• RECORDS FOR THE TASK:
(* Let $\Delta=O(1)$. Suppose there is a deterministic $\mathsf{VOLUME}$ algorithm $\mathcal{A}$ that solves Sinkless Orientation on $n$-node trees of maximum degree $\Delta$ that are properly $\Delta$-edge colored, relative to $H(n,\Delta)$, with probe complexity $f(n)\le n/(3\Delta)$ for all sufficiently large $n$. Then there exist a constant $n^*$ and a deterministic $\mathsf{LOCAL}$ algorithm $\mathcal{A}'$ that solves Sinkless Orientation on all (possibly infinite) trees of maximum degree $\Delta$ that are properly $\Delta$-edge colored and properly $H(n^*,\Delta)$-labeled, in fewer than $n^*$ rounds.
   Context: Sinkless Orientation: orient every edge so that every vertex of sufficiently high constant degree has at least one outgoing edge (outputs at the two endpoints of an edge must be consistent). An ID graph $H(R,\Delta)$ is a collection of graphs $H_1,\dots,H_\Delta$ on a common vertex set $V(H)$ with $|V(H)|=\Delta^{10R}$, $1\le\deg_{H_i}(v)\le\Delta^{10}$ for all $v,i$, the union multigraph of the $H_i$ having girth at least $10R$, and every independent set of each $H_i$ having fewer than $|V(H)|/\Delta$ vertices; $H(R,\Delta)$ denotes the lexicographically smallest such ID graph (assumed to exist). For a tree $T$ with a proper edge coloring by $[\Delta]$, a proper $H$-labeling is a map $h:V(T)\to V(H)$ with $h(u)h(v)\in E(H_c)$ whenever $uv$ is an edge of color $c$. An algorithm works relative to $H(n,\Delta)$ if it is correct on every $n$-node input in which the unique identifiers are replaced by a proper $H(n,\Delta)$-labeling. Deterministic $\mathsf{VOLUME}$ model: the algorithm (knowing $n$) probes only neighbors of already discovered nodes starting from the queried node, each probe returning the node's label, degree and input; must always be correct; complexity is the maximum number of probes. Deterministic $\mathsf{LOCAL}$ model: in synchronous rounds, each node performs unbounded local computation and exchanges unbounded messages with its neighbors; an algorithm with $t$ rounds determines each node's output from its $t$-hop neighborhood (topology, labels, inputs). *)

theory Defs
  imports Complex_Main
begin

text \<open>An ID graph is given as H :: nat => nat => nat => bool, where H i u v means that
 uv is an edge of the graph H_i.
 We require H i to be empty outside i in {1..Delta} and outside the vertex set
 (canonical representation, so that the lexicographically smallest one is unique).\<close>

definition idg_size :: "nat \<Rightarrow> nat \<Rightarrow> nat" where
  "idg_size R \<Delta> = \<Delta> ^ (10 * R)"

definition is_ID_graph :: "nat \<Rightarrow> nat \<Rightarrow> (nat \<Rightarrow> nat \<Rightarrow> nat \<Rightarrow> bool) \<Rightarrow> bool" where
  "is_ID_graph R \<Delta> H \<longleftrightarrow>
     (let N = idg_size R \<Delta> in
      \<comment> \<open>canonical support: simple graphs H_1..H_Delta on vertex set {0..<N}\<close>
      (\<forall>i u v. H i u v \<longrightarrow> i \<in> {1..\<Delta>} \<and> u < N \<and> v < N) \<and>
      (\<forall>i u v. H i u v \<longrightarrow> H i v u) \<and>
      (\<forall>i u. \<not> H i u u) \<and>
      \<comment> \<open>degree bounds\<close>
      (\<forall>i\<in>{1..\<Delta>}. \<forall>v<N. 1 \<le> card {u. H i v u} \<and> card {u. H i v u} \<le> \<Delta> ^ 10) \<and>
      \<comment> \<open>union multigraph has girth at least 10R: no cycle of length k < 10R
          (a cycle of length 2 consists of two distinct parallel edges)\<close>
      (\<forall>k xs cs. 2 \<le> k \<and> k < 10 * R \<and> length xs = k \<and> length cs = k \<and> distinct xs \<and>
          (\<forall>j<k. H (cs ! j) (xs ! j) (xs ! ((j + 1) mod k))) \<longrightarrow>
          \<not> inj_on (\<lambda>j. (cs ! j, {xs ! j, xs ! ((j + 1) mod k)})) {..<k}) \<and>
      \<comment> \<open>every independent set of each H_i has fewer than N/Delta vertices\<close>
      (\<forall>i\<in>{1..\<Delta>}. \<forall>I. I \<subseteq> {0..<N} \<and> (\<forall>u\<in>I. \<forall>v\<in>I. \<not> H i u v) \<longrightarrow>
          real (card I) < real N / real \<Delta>))"

definition idg_encode :: "nat \<Rightarrow> nat \<Rightarrow> (nat \<Rightarrow> nat \<Rightarrow> nat \<Rightarrow> bool) \<Rightarrow> bool list" where
  "idg_encode R \<Delta> H =
     [H i u v. i \<leftarrow> [1..<\<Delta> + 1], u \<leftarrow> [0..<idg_size R \<Delta>], v \<leftarrow> [0..<idg_size R \<Delta>]]"

definition Hid :: "nat \<Rightarrow> nat \<Rightarrow> (nat \<Rightarrow> nat \<Rightarrow> nat \<Rightarrow> bool)" where
  "Hid R \<Delta> = (THE H. is_ID_graph R \<Delta> H \<and>
       (\<forall>H'. is_ID_graph R \<Delta> H' \<longrightarrow> lexordp_eq (idg_encode R \<Delta> H) (idg_encode R \<Delta> H')))"

text \<open>A graph is given by a vertex set V and a symmetric edge relation E; col u w is the
 colour of edge uw. Ports are identified with edge colours.\<close>

definition walk_path :: "('v \<Rightarrow> 'v \<Rightarrow> bool) \<Rightarrow> 'v list \<Rightarrow> bool" where
  "walk_path E xs \<longleftrightarrow> (\<forall>j. Suc j < length xs \<longrightarrow> E (xs ! j) (xs ! Suc j))"

definition is_tree :: "'v set \<Rightarrow> ('v \<Rightarrow> 'v \<Rightarrow> bool) \<Rightarrow> bool" where
  "is_tree V E \<longleftrightarrow>
     (\<forall>u w. E u w \<longrightarrow> u \<in> V \<and> w \<in> V) \<and>
     (\<forall>u w. E u w \<longrightarrow> E w u) \<and>
     (\<forall>u. \<not> E u u) \<and>
     (\<forall>u\<in>V. \<forall>w\<in>V. \<exists>xs. xs \<noteq> [] \<and> hd xs = u \<and> last xs = w \<and> walk_path E xs) \<and>
     (\<nexists>xs. 3 \<le> length xs \<and> distinct xs \<and> walk_path E xs \<and> E (last xs) (hd xs))"

definition max_deg_le :: "'v set \<Rightarrow> ('v \<Rightarrow> 'v \<Rightarrow> bool) \<Rightarrow> nat \<Rightarrow> bool" where
  "max_deg_le V E \<Delta> \<longleftrightarrow> (\<forall>u\<in>V. finite {w. E u w} \<and> card {w. E u w} \<le> \<Delta>)"

definition proper_edge_col :: "('v \<Rightarrow> 'v \<Rightarrow> bool) \<Rightarrow> ('v \<Rightarrow> 'v \<Rightarrow> nat) \<Rightarrow> nat \<Rightarrow> bool" where
  "proper_edge_col E col \<Delta> \<longleftrightarrow>
     (\<forall>u w. E u w \<longrightarrow> col u w = col w u \<and> col u w \<in> {1..\<Delta>}) \<and>
     (\<forall>u w w'. E u w \<and> E u w' \<and> col u w = col u w' \<longrightarrow> w = w')"

definition proper_H_labeling ::
  "(nat \<Rightarrow> nat \<Rightarrow> nat \<Rightarrow> bool) \<Rightarrow> nat \<Rightarrow> nat \<Rightarrow> 'v set \<Rightarrow> ('v \<Rightarrow> 'v \<Rightarrow> bool) \<Rightarrow>
   ('v \<Rightarrow> 'v \<Rightarrow> nat) \<Rightarrow> ('v \<Rightarrow> nat) \<Rightarrow> bool" where
  "proper_H_labeling H R \<Delta> V E col h \<longleftrightarrow>
     (\<forall>u\<in>V. h u < idg_size R \<Delta>) \<and> (\<forall>u w. E u w \<longrightarrow> H (col u w) (h u) (h w))"

definition colors :: "('v \<Rightarrow> 'v \<Rightarrow> bool) \<Rightarrow> ('v \<Rightarrow> 'v \<Rightarrow> nat) \<Rightarrow> 'v \<Rightarrow> nat set" where
  "colors E col u = {c. \<exists>w. E u w \<and> col u w = c}"

definition nbr :: "('v \<Rightarrow> 'v \<Rightarrow> bool) \<Rightarrow> ('v \<Rightarrow> 'v \<Rightarrow> nat) \<Rightarrow> 'v \<Rightarrow> nat \<Rightarrow> 'v option" where
  "nbr E col u c = (if \<exists>w. E u w \<and> col u w = c then Some (THE w. E u w \<and> col u w = c) else None)"

text \<open>What a node reveals: its label and its input (colours of incident edges, hence degree).\<close>
definition obs :: "('v \<Rightarrow> 'v \<Rightarrow> bool) \<Rightarrow> ('v \<Rightarrow> 'v \<Rightarrow> nat) \<Rightarrow> ('v \<Rightarrow> nat) \<Rightarrow> 'v \<Rightarrow> nat \<times> nat set" where
  "obs E col h u = (h u, colors E col u)"

text \<open>Output of node u: the set S u of colours of its incident edges oriented outwards.
 d is the (constant) degree threshold above which a node may not be a sink.\<close>
definition sinkless_orientation ::
  "nat \<Rightarrow> 'v set \<Rightarrow> ('v \<Rightarrow> 'v \<Rightarrow> bool) \<Rightarrow> ('v \<Rightarrow> 'v \<Rightarrow> nat) \<Rightarrow> ('v \<Rightarrow> nat set) \<Rightarrow> bool" where
  "sinkless_orientation d V E col S \<longleftrightarrow>
     (\<forall>u\<in>V. S u \<subseteq> colors E col u) \<and>
     (\<forall>u w. E u w \<longrightarrow> (col u w \<in> S u \<longleftrightarrow> col u w \<notin> S w)) \<and>
     (\<forall>u\<in>V. d \<le> card {w. E u w} \<longrightarrow> S u \<noteq> {})"

datatype vaction = VProbe nat nat  \<comment> \<open>index of discovered node, port (colour)\<close>
                 | VOutput "nat set"

type_synonym volume_alg = "nat \<Rightarrow> (nat \<times> nat set) list \<Rightarrow> vaction"

text \<open>Execution with a budget of k probes, starting from the list of discovered nodes us.
 None = exceeded budget or illegal probe.\<close>
fun vexec :: "volume_alg \<Rightarrow> nat \<Rightarrow> ('v \<Rightarrow> 'v \<Rightarrow> bool) \<Rightarrow> ('v \<Rightarrow> 'v \<Rightarrow> nat) \<Rightarrow> ('v \<Rightarrow> nat) \<Rightarrow>
               nat \<Rightarrow> 'v list \<Rightarrow> nat set option" where
  "vexec A n E col h 0 us =
     (case A n (map (obs E col h) us) of VOutput S \<Rightarrow> Some S | VProbe i c \<Rightarrow> None)"
| "vexec A n E col h (Suc k) us =
     (case A n (map (obs E col h) us) of
        VOutput S \<Rightarrow> Some S
      | VProbe i c \<Rightarrow>
          (if i < length us then
             (case nbr E col (us ! i) c of
                Some w \<Rightarrow> vexec A n E col h k (us @ [w])
              | None \<Rightarrow> None)
           else None))"

text \<open>A solves sinkless orientation (threshold d) on n-node trees of max degree Delta,
 properly Delta-edge coloured, relative to H(n,Delta), with probe complexity f.
 (Finite trees are w.l.o.g. on vertices of type nat.)\<close>
definition volume_solves_SO :: "volume_alg \<Rightarrow> (nat \<Rightarrow> nat) \<Rightarrow> nat \<Rightarrow> nat \<Rightarrow> bool" where
  "volume_solves_SO A f d \<Delta> \<longleftrightarrow>
     (\<forall>n (V :: nat set) E col h.
        finite V \<and> card V = n \<and> is_tree V E \<and> max_deg_le V E \<Delta> \<and> proper_edge_col E col \<Delta> \<and>
        proper_H_labeling (Hid n \<Delta>) n \<Delta> V E col h \<longrightarrow>
        (\<forall>v\<in>V. vexec A n E col h (f n) [v] \<noteq> None) \<and>
        sinkless_orientation d V E col (\<lambda>v. the (vexec A n E col h (f n) [v])))"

• EXERCISE AIM: In the entries above, find the line with "(\<forall>u\<in>V. h u" and the line with "None = exceeded", then set down exactly those two and every line between them, nothing else.

• REPLY:
     (\<forall>u\<in>V. h u < idg_size R \<Delta>) \<and> (\<forall>u w. E u w \<longrightarrow> H (col u w) (h u) (h w))"

definition colors :: "('v \<Rightarrow> 'v \<Rightarrow> bool) \<Rightarrow> ('v \<Rightarrow> 'v \<Rightarrow> nat) \<Rightarrow> 'v \<Rightarrow> nat set" where
  "colors E col u = {c. \<exists>w. E u w \<and> col u w = c}"

definition nbr :: "('v \<Rightarrow> 'v \<Rightarrow> bool) \<Rightarrow> ('v \<Rightarrow> 'v \<Rightarrow> nat) \<Rightarrow> 'v \<Rightarrow> nat \<Rightarrow> 'v option" where
  "nbr E col u c = (if \<exists>w. E u w \<and> col u w = c then Some (THE w. E u w \<and> col u w = c) else None)"

text \<open>What a node reveals: its label and its input (colours of incident edges, hence degree).\<close>
definition obs :: "('v \<Rightarrow> 'v \<Rightarrow> bool) \<Rightarrow> ('v \<Rightarrow> 'v \<Rightarrow> nat) \<Rightarrow> ('v \<Rightarrow> nat) \<Rightarrow> 'v \<Rightarrow> nat \<times> nat set" where
  "obs E col h u = (h u, colors E col u)"

text \<open>Output of node u: the set S u of colours of its incident edges oriented outwards.
 d is the (constant) degree threshold above which a node may not be a sink.\<close>
definition sinkless_orientation ::
  "nat \<Rightarrow> 'v set \<Rightarrow> ('v \<Rightarrow> 'v \<Rightarrow> bool) \<Rightarrow> ('v \<Rightarrow> 'v \<Rightarrow> nat) \<Rightarrow> ('v \<Rightarrow> nat set) \<Rightarrow> bool" where
  "sinkless_orientation d V E col S \<longleftrightarrow>
     (\<forall>u\<in>V. S u \<subseteq> colors E col u) \<and>
     (\<forall>u w. E u w \<longrightarrow> (col u w \<in> S u \<longleftrightarrow> col u w \<notin> S w)) \<and>
     (\<forall>u\<in>V. d \<le> card {w. E u w} \<longrightarrow> S u \<noteq> {})"

datatype vaction = VProbe nat nat  \<comment> \<open>index of discovered node, port (colour)\<close>
                 | VOutput "nat set"

type_synonym volume_alg = "nat \<Rightarrow> (nat \<times> nat set) list \<Rightarrow> vaction"

text \<open>Execution with a budget of k probes, starting from the list of discovered nodes us.
 None = exceeded budget or illegal probe.\<close>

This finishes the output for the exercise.